Der TVU will aus dem Punkteabzug nach dem umgewerteten Spiel gegen Vorsfelde II (32:27) Motivation ziehen, sagt Trainer Maurice Maus. MTV-Torwart Dominik Schneider (oben) hilft Uelzens Johannes Specht schon mal auf die Beine. © Bernd Klingebiel.

Uelzen/Wittingen – Der TV Uelzen hat die Punkte vom jüngsten 32:27-Heimsieg in der Handball-Landesliga der Männer gegen den MTV Vorsfelde II wieder verloren. Der Staffelleiter wertete die Partie wegen des „Einsatzes eines nicht teilnahmeberechtigten Spielers“ mit 0:0 Toren und zwei Pluszählern für die Gäste aus Wolfsburg. Dadurch ist die hiesige SG VfL Wittingen/Stöcken nun plötzlich neuer Tabellenführer!

Der TVU liegt nunmehr einen Zähler hinter den Brauereistädtern. Vorsfelde tauschte den Abstiegsplatz mit dem vergangenen SG VfL-Gegner SG Zweidorf/Bortfeld.

Uelzens Coach Maurice Maus hatte bis zur Entscheidung des Staffelleiters eine öffentliche Stellungnahme vermieden. Gestern ordnete er das TVU-Malheur dann unaufgeregt ein: „Für uns hat sich nichts verändert. Wir spielen weiterhin eine gute Landesligasaison, das war unser Ziel!“ Dabei weiß auch Maus, das beim Showdown im nächsten Spiel am 4. Februar in Wittingen ein Unentschieden nicht mehr reicht, um die Brauereistädter aktuell hinter sich zu lassen, sondern ein Sieg her muss. „Wir haben keinen Druck. Den haben die Wittinger“, für die einzig und allein der Aufstieg in die Verbandsliga zähle, sagt Maus.

„Das wird ein fantastisches Spiel“

Sein Team „ist charakterlich so gestrickt, dass es daraus Motivation zieht.“ Maus: „Es hätte ein bisschen einfacher sein können. Aber wir haben weiterhin alles selbst in der Hand. Das wird ein fantastisches Spiel.“ Der Coach hofft, die Partie in Wittingen „zum Heimspiel“ machen zu können. Fanbusse stehen jedenfalls bereit.

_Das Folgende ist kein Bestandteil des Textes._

lemma (in prob_space) unit_interval_oscillation_bound:
  fixes G :: "real \<Rightarrow> 'a \<Rightarrow> real" and m :: nat and A \<beta> :: real
  assumes meas: "\<And>t. 0 \<le> t \<Longrightarrow> G t \<in> borel_measurable M"
    and "m > 0" "1 < \<beta>" "0 \<le> A"
    and moment: "\<And>s t. 0 \<le> s \<Longrightarrow> 0 \<le> t \<Longrightarrow>
      (\<integral>\<^sup>+\<omega>. ennreal ((G t \<omega> - G s \<omega>) ^ (2 * m)) \<partial>M) \<le> ennreal (A * \<bar>t - s\<bar> powr \<beta>)"
  obtains K :: real and S :: "real \<Rightarrow> 'a \<Rightarrow> ennreal"
  where "0 \<le> K" and "\<And>a. 0 \<le> a \<Longrightarrow> S a \<in> borel_measurable M"
    and "\<And>a. 0 \<le> a \<Longrightarrow> (\<integral>\<^sup>+\<omega>. S a \<omega> \<partial>M) \<le> ennreal K"
    and "\<And>a \<omega> t. continuous_on {a..a+1} (\<lambda>t. G t \<omega>) \<Longrightarrow> t \<in> {a..a+1} \<Longrightarrow>
           ennreal \<bar>G t \<omega> - G a \<omega>\<bar> \<le> S a \<omega>"
proof -
  define q where "q = 2 powr (- (\<beta> - 1) / (2 * real m))"
  have "- (\<beta> - 1) / (2 * real m) < 0"
    using assms(2,3) by (simp add: divide_neg_pos)
  then have "0 < q" "q < 1"
    unfolding q_def by (auto intro: powr_less_one)
  define S where "S a \<omega> = (\<Sum>k. ennreal (dyadic_level_bound q m G a k \<omega>))" for a \<omega>
  show ?thesis
  proof
    show "0 \<le> (1 + A) / (1 - q)"
      using \<open>q < 1\<close> assms(4) by simp
  next
    fix a :: real
    assume "0 \<le> a"
    then have [measurable]: "dyadic_increment G a k j \<in> borel_measurable M" for k j
      using meas by (intro borel_measurable_dyadic_increment)
    show "S a \<in> borel_measurable M"
      unfolding S_def dyadic_level_bound_def by measurable
    have "(\<integral>\<^sup>+\<omega>. S a \<omega> \<partial>M) = (\<Sum>k. \<integral>\<^sup>+\<omega>. ennreal (dyadic_level_bound q m G a k \<omega>) \<partial>M)"
      unfolding S_def dyadic_level_bound_def by (rule nn_integral_suminf) measurable
    also have "\<dots> \<le> (\<Sum>k. ennreal ((1 + A) * q ^ k))"
      unfolding q_def using \<open>0 \<le> a\<close>
      by (intro suminf_le nn_integral_dyadic_level_bound_le[OF meas assms(2,4) _ moment]) auto
    also have "\<dots> = ennreal ((1 + A) / (1 - q))"
      using geometric_sums[of q] \<open>0 < q\<close> \<open>q < 1\<close> assms(4)
      by (intro suminf_ennreal_eq) (auto dest: sums_mult[where c = "1 + A"])
    finally show "(\<integral>\<^sup>+\<omega>. S a \<omega> \<partial>M) \<le> ennreal ((1 + A) / (1 - q))" .
  next
    fix a \<omega> t
    assume "continuous_on {a..a+1} (\<lambda>t. G t \<omega>)" "t \<in> {a..a+1}"
    then show "ennreal \<bar>G t \<omega> - G a \<omega>\<bar> \<le> S a \<omega>"
      unfolding S_def using abs_dyadic_increment_le[OF \<open>0 < q\<close> assms(2)] dyadic_level_bound_nonneg[OF \<open>0 < q\<close>]
      by (intro continuous_dyadic_chain_bound[where f = "\<lambda>t. G t \<omega>"]) (auto simp: dyadic_increment_def)
  qed
qed

lemma exp_bound_of_weighted_unit_oscillations:
  fixes f :: "real \<Rightarrow> real" and S :: "nat \<Rightarrow> ennreal" and a :: real
  assumes "0 \<le> a"
    and osc: "\<And>n t. t \<in> {real n..real n + 1} \<Longrightarrow> ennreal \<bar>f t - f (real n)\<bar> \<le> S n"
    and finite: "(\<Sum>n. ennreal (exp (- a * real n)) * (ennreal \<bar>f (real n)\<bar> + S n)) \<noteq> \<infinity>"
  shows "\<exists>w. \<forall>t\<ge>0. \<bar>f t\<bar> \<le> w * exp (a * t)"
proof -
  define w where "w = enn2real (\<Sum>n. ennreal (exp (- a * real n)) * (ennreal \<bar>f (real n)\<bar> + S n))"
  have "\<bar>f t\<bar> \<le> w * exp (a * t)" if "0 \<le> t" for t
  proof -
    define n where "n = nat \<lfloor>t\<rfloor>"
    have "real n = of_int \<lfloor>t\<rfloor>"
      using that by (simp add: n_def)
    then have t: "t \<in> {real n..real n + 1}"
      by simp
    have "ennreal \<bar>f t\<bar> \<le> ennreal (\<bar>f (real n)\<bar> + \<bar>f t - f (real n)\<bar>)"
      by (intro ennreal_leI) linarith
    also have "\<dots> \<le> ennreal \<bar>f (real n)\<bar> + S n"
      using osc[OF t] by (simp add: add_left_mono)
    finally have "ennreal (exp (- a * real n) * \<bar>f t\<bar>) \<le> ennreal (exp (- a * real n)) * (ennreal \<bar>f (real n)\<bar> + S n)"
      by (simp add: ennreal_mult' mult_left_mono)
    also have "\<dots> \<le> (\<Sum>n. ennreal (exp (- a * real n)) * (ennreal \<bar>f (real n)\<bar> + S n))"
      using sum_le_suminf[OF summableI, of "{n}"] by simp
    also have "\<dots> = ennreal w"
      using finite by (simp add: w_def less_top)
    finally have "exp (- a * real n) * \<bar>f t\<bar> \<le> w"
      by (simp add: w_def)
    then have "\<bar>f t\<bar> \<le> w * exp (a * real n)"
      by (simp add: exp_minus field_simps)
    also have "\<dots> \<le> w * exp (a * t)"
      using t \<open>0 \<le> a\<close> by (intro mult_left_mono) (auto simp: w_def mult_left_mono)
    finally show ?thesis .
  qed
  then show ?thesis by blast
qed

lemma (in prob_space) nn_integral_abs_le_one_plus_even_moment:
  assumes "Z \<in> borel_measurable M" "0 < m"
  shows "(\<integral>\<^sup>+\<omega>. ennreal \<bar>Z \<omega>\<bar> \<partial>M) \<le> 1 + (\<integral>\<^sup>+\<omega>. ennreal (Z \<omega> ^ (2 * m)) \<partial>M)"
proof -
  have "(\<integral>\<^sup>+\<omega>. ennreal \<bar>Z \<omega>\<bar> \<partial>M) \<le> (\<integral>\<^sup>+\<omega>. 1 + ennreal (Z \<omega> ^ (2 * m)) \<partial>M)"
  proof (intro nn_integral_mono)
    fix \<omega>
    have "\<bar>Z \<omega>\<bar> \<le> 1 + Z \<omega> ^ (2 * m)"
      using abs_le_add_power_div[of 1 m "Z \<omega>"] assms(2) by simp
    then show "ennreal \<bar>Z \<omega>\<bar> \<le> 1 + ennreal (Z \<omega> ^ (2 * m))"
      by (simp add: power_mult ennreal_leI flip: ennreal_1 ennreal_plus)
  qed
  also have "\<dots> = 1 + (\<integral>\<^sup>+\<omega>. ennreal (Z \<omega> ^ (2 * m)) \<partial>M)"
    using assms(1) by (subst nn_integral_add) (auto simp: emeasure_space_1)
  finally show ?thesis .
qed
text \<open>Compactness and continuity only matter for the existence of trajectories, which are
  given here, and cooperativity is implied by \<open>large_enough\<close>.\<close>
theorem theorem1:
  fixes m :: nat
    and X :: "nat \<Rightarrow> 'a::euclidean_space set"
    and f :: "nat \<Rightarrow> 'a \<Rightarrow> 'a"
    and S :: "nat \<Rightarrow> 'a \<Rightarrow> real"
    and gradS :: "nat \<Rightarrow> 'a \<Rightarrow> 'a"
    and U :: "nat \<Rightarrow> 'a set"
    and th v :: "nat \<Rightarrow> real"
    and D :: "nat \<Rightarrow> nat \<Rightarrow> real"
    and x :: "nat \<Rightarrow> real \<Rightarrow> 'a"
  assumes m2: "m \<ge> 2"
    and X_compact: "\<forall>i\<in>{1..m}. compact (X i)"
    and f_cont: "\<forall>i\<in>{1..m}. continuous_on (X i) (f i)"
    and S_C1: "\<forall>i\<in>{1..m}. open (U i) \<and> X i \<subseteq> U i \<and> continuous_on (U i) (gradS i) \<and>
                 (\<forall>y\<in>U i. (S i has_derivative (\<lambda>h. gradS i y \<bullet> h)) (at y))"
    and th_pos: "\<forall>i\<in>{1..m}. th i > 0"
    and v_pos: "\<forall>i\<in>{1..m}. v i > 0"
    and drift: "\<forall>i\<in>{1..m}. \<forall>y\<in>X i. S i y < th i \<longrightarrow> gradS i y \<bullet> f i y > v i"
    and coop: "cooperative {1..m} D"
    and large: "large_enough m th D"
    and init: "\<forall>i\<in>{1..m}. 0 \<le> S i (x i 0) \<and> S i (x i 0) < th i"
    and in_X: "\<forall>i\<in>{1..m}. \<forall>t\<ge>0. x i t \<in> X i"
    and loc_fin: "\<forall>b. finite (spiking_instants {1..m} th D S x \<inter> {..b})"
    and flow: "\<forall>i\<in>{1..m}. \<forall>a b. 0 \<le> a \<and> a < b \<and> {a<..<b} \<inter> spiking_instants {1..m} th D S x = {} \<longrightarrow>
                 (\<forall>t\<in>{a..<b}. (x i has_vector_derivative f i (x i t)) (at t within {a..<b}))"
    and jump: "\<forall>t\<in>spiking_instants {1..m} th D S x. \<forall>j\<in>{1..m}.
                 (j \<in> coalition {1..m} th D (\<lambda>k. S_left S x k t) \<longrightarrow> S j (x j t) = 0) \<and>
                 (j \<notin> coalition {1..m} th D (\<lambda>k. S_left S x k t) \<longrightarrow>
                    S j (x j t) = S_left S x j t +
                      (\<Sum>i\<in>coalition {1..m} th D (\<lambda>k. S_left S x k t) - {j}. D i j))"
  shows "infinite {t\<in>spiking_instants {1..m} th D S x.
                     coalition {1..m} th D (\<lambda>k. S_left S x k t) = {1..m}}"
proof -
  interpret spiking_network m X f S gradS U th v D x
    by unfold_locales (fact m2 S_C1 th_pos v_pos drift large init in_X loc_fin flow jump)+
  show ?thesis by (rule infinite_grand_coalitions)
qed

end
text \<open>The intervals \<open>{e+1..e+n}\<close> after the run ends are pairwise disjoint and contain no square
  position.\<close>

lemma card_square_positions_add_le_length:
  assumes "n > 0"
  shows "card (square_positions w n) + n * card (run_ends w n) \<le> length w"
proof -
  define Q where "Q = square_positions w n"
  define E where "E = run_ends w n"
  define G where "G = (\<lambda>e. {Suc e..e + n})"
  have finQ: "finite Q" and finE: "finite E"
    using assms square_positions_subset finite_run_ends unfolding Q_def E_def
    by (auto intro: finite_subset)
  have "Q \<inter> (\<Union>e\<in>E. G e) = {}"
  proof (rule equals0I)
    fix i assume "i \<in> Q \<inter> (\<Union>e\<in>E. G e)"
    then obtain e where "e \<in> run_ends w n" "square_at w n i" "e < i" "i \<le> e + n"
      by (auto simp: Q_def E_def G_def square_positions_def)
    with run_ends_gap[of e w n i] show False by simp
  qed
  hence "card (Q \<union> (\<Union>e\<in>E. G e)) = card Q + card (\<Union>e\<in>E. G e)"
    using finQ finE by (intro card_Un_disjoint) (auto simp: G_def)
  also have "card (\<Union>e\<in>E. G e) = (\<Sum>e\<in>E. card (G e))"
  proof (intro card_UN_disjoint finE ballI impI)
    fix e e' assume "e \<in> E" "e' \<in> E" "e \<noteq> e'"
    hence "e + n < e' \<or> e' + n < e"
      using run_ends_gap[of e w n e'] run_ends_gap[of e' w n e]
      by (cases "e < e'") (auto simp: E_def run_ends_def)
    thus "G e \<inter> G e' = {}" by (auto simp: G_def)
  qed (simp add: G_def)
  also have "(\<Sum>e\<in>E. card (G e)) = n * card E" by (simp add: G_def)
  finally have "card (Q \<union> (\<Union>e\<in>E. G e)) = card Q + n * card E" .
  moreover have "Q \<union> (\<Union>e\<in>E. G e) \<subseteq> {..<length w}"
    using assms square_positions_subset
    by (auto simp: Q_def G_def E_def run_ends_def square_at_def)
  hence "card (Q \<union> (\<Union>e\<in>E. G e)) \<le> length w"
    using card_mono[of "{..<length w}"] by fastforce
  ultimately show ?thesis by (simp add: Q_def E_def)
qed

lemma card_words_le_card_square_positions:
  assumes "n > 0" "\<forall>x \<in> words k n. sublist (x @ x) w"
  shows "k ^ n \<le> card (square_positions w n)"
proof -
  have fin: "finite (square_positions w n)"
    using square_positions_subset[OF assms(1)] by (rule finite_subset) simp
  have "words k n \<subseteq> square_root w n ` square_positions w n"
  proof
    fix x assume "x \<in> words k n"
    then obtain i where "square_at w n i" "square_root w n i = x"
      using assms(2) sublist_square_imp_square_at[of x n w] by (auto simp: words_def)
    thus "x \<in> square_root w n ` square_positions w n"
      by (auto simp: square_positions_def)
  qed
  hence "card (words k n) \<le> card (square_root w n ` square_positions w n)"
    using fin by (intro card_mono finite_imageI)
  also have "\<dots> \<le> card (square_positions w n)"
    using fin by (rule card_image_le)
  finally show ?thesis by (simp add: card_words)
qed

text \<open>Group the words by the end of the run containing one of their square occurrences: the words
  of a group are conjugate to the root at that run end.\<close>

lemma sum_card_rotation_stabilizer_le_run_ends:
  assumes "n > 0" "\<forall>x \<in> words k n. sublist (x @ x) w"
  shows "(\<Sum>x\<in>words k n. card (rotation_stabilizer x)) \<le> n * card (run_ends w n)"
proof -
  have "\<forall>x \<in> words k n. \<exists>i. square_at w n i \<and> square_root w n i = x"
    using assms(2) sublist_square_imp_square_at unfolding words_def by blast
  then obtain occ
    where occ: "\<forall>x \<in> words k n. square_at w n (occ x) \<and> square_root w n (occ x) = x"
    by (rule bchoice[elim_format]) blast
  define grp where "grp = (\<lambda>e. {x \<in> words k n. run_end w n (occ x) = e})"
  have "(\<Sum>x\<in>words k n. card (rotation_stabilizer x))
      = (\<Sum>e\<in>run_ends w n. \<Sum>x\<in>grp e. card (rotation_stabilizer x))"
    unfolding grp_def using finite_words finite_run_ends[OF assms(1)] occ
    by (intro sum.group[symmetric]) (auto intro: run_end_mem_run_ends)
  also have "\<dots> \<le> (\<Sum>e\<in>run_ends w n. n)"
  proof (rule sum_mono)
    fix e assume "e \<in> run_ends w n"
    hence "length (square_root w n e) = n"
      by (auto simp: run_ends_def square_at_def square_root_def)
    moreover have "length x = n \<and> (\<exists>j. square_root w n e = rotate j x)" if "x \<in> grp e" for x
    proof -
      have x: "x \<in> words k n" "run_end w n (occ x) = e" using that by (auto simp: grp_def)
      with occ square_root_run_end[of w n "occ x"] assms(1) show ?thesis
        by (auto simp: words_def)
    qed
    ultimately show "(\<Sum>x\<in>grp e. card (rotation_stabilizer x)) \<le> n"
      using assms(1) by (intro sum_card_rotation_stabilizer_conjugates_le) auto
  qed
  finally show ?thesis by (simp add: mult.commute)
qed
lemma mom_add:
  assumes "is_signed_dist f" "is_signed_dist g"
  shows "mom j (\<lambda>z. f z + g z) = mom j f + mom j g"
proof -
  let ?S = "supp f \<union> supp g"
  have fin: "finite ?S" using assms by (simp add: is_signed_dist_def)
  have "mom j (\<lambda>z. f z + g z) = (\<Sum>z\<in>?S. (f z + g z) * z ^ j)"
    by (rule mom_over[OF fin]) (auto simp: supp_def)
  also have "\<dots> = (\<Sum>z\<in>?S. f z * z ^ j) + (\<Sum>z\<in>?S. g z * z ^ j)"
    by (simp add: distrib_right sum.distrib)
  also have "\<dots> = mom j f + mom j g"
    using mom_over[OF fin, of f j] mom_over[OF fin, of g j] by auto
  finally show ?thesis .
qed

lemma mom_diff:
  assumes "is_signed_dist f" "is_signed_dist g"
  shows "mom j (\<lambda>z. f z - g z) = mom j f - mom j g"
proof -
  let ?S = "supp f \<union> supp g"
  have fin: "finite ?S" using assms by (simp add: is_signed_dist_def)
  have "mom j (\<lambda>z. f z - g z) = (\<Sum>z\<in>?S. (f z - g z) * z ^ j)"
    by (rule mom_over[OF fin]) (auto simp: supp_def)
  also have "\<dots> = (\<Sum>z\<in>?S. f z * z ^ j) - (\<Sum>z\<in>?S. g z * z ^ j)"
    by (simp add: left_diff_distrib sum_subtractf)
  also have "\<dots> = mom j f - mom j g"
    using mom_over[OF fin, of f j] mom_over[OF fin, of g j] by auto
  finally show ?thesis .
qed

Wie berichtet, hat der TVU gegen Vorsfelde II Marius Eder eingesetzt. Er hatte aber „vergessen“, den Namen des Kapitäns vor der Partie in den mit 14 Akteuren bereits vollzähligen Spielberichtsbogen einzutragen. Der Fehler wäre wohl ohnehin aufgeflogen, tat dies aber gleich nach Spielbeginn. Eder versenkte einen Siebenmeter zur 3:2-Führung, das Kampfgericht konnte den Schützen im Spielprotokoll nicht zuordnen. Maus: „Natürlich waren alle enttäuscht.“

Wittingen/Stöcken nahm den TVU-Fauxpas zur Kenntnis: „Für uns hat das keine Bewandtnis. Man muss bei sich selbst bleiben. Für Uelzen ist das natürlich bedauerlich“, hatte SG VfL-Trainer Manfred Busch erklärt.

HINTERGRUND: Weshalb dem TV Uelzen die Siegpunkte aberkannt werden

Die Rechtslage ist eindeutig, erfährt das IK von Stefan Hüdepohl. Der ehemalige TVU-Oberligaspieler und -trainer ist Präsident des Handballverbandes Niedersachsen-Bremen (HVNB). Der Uelzener: „Wären nur maximal 13 Spieler im Spielprotokoll eingetragen gewesen, hätte das Kampfgericht Marius Eder nachgetragen. Der Offizielle A hätte eine Verwarnung erhalten – und die Sache wäre erledigt gewesen.“

Die Regel 4, Ziffer 1 der HVNB-Spielordnung regelt, dass eine Mannschaft aus bis zu 14 Spielern besteht. Die Namen sind ins Spielprotokoll einzutragen. Der TVU hatte gegen MTV Vorsfelde II bereits 14 Akteure gelistet, sodass Eder der 15. gewesen wäre. Da das nach Regel 4 nicht zulässig ist, konnte der Kapitän für das Spiel keine Teilnahmeberechtigung erlangen. Mit seinem Mitwirken ist der Tatbestand „Teilnahme eines nicht teilnahmeberechtigten Spielers“ erfüllt, erklärt Hüdepohl. Nach Paragraf 50 Absatz 1h der Spielordnung (Sonderfälle des Spielverlustes – Spielverlustwertung) ist ein Spiel mit 0:0 Toren und 0:2 Punkten als verloren zu werden, wenn „nicht teilnahmeberechtigte Spieler mitwirken“. Eder konnte für die Partie keine Teilnahmeberechtigung mehr erlangen.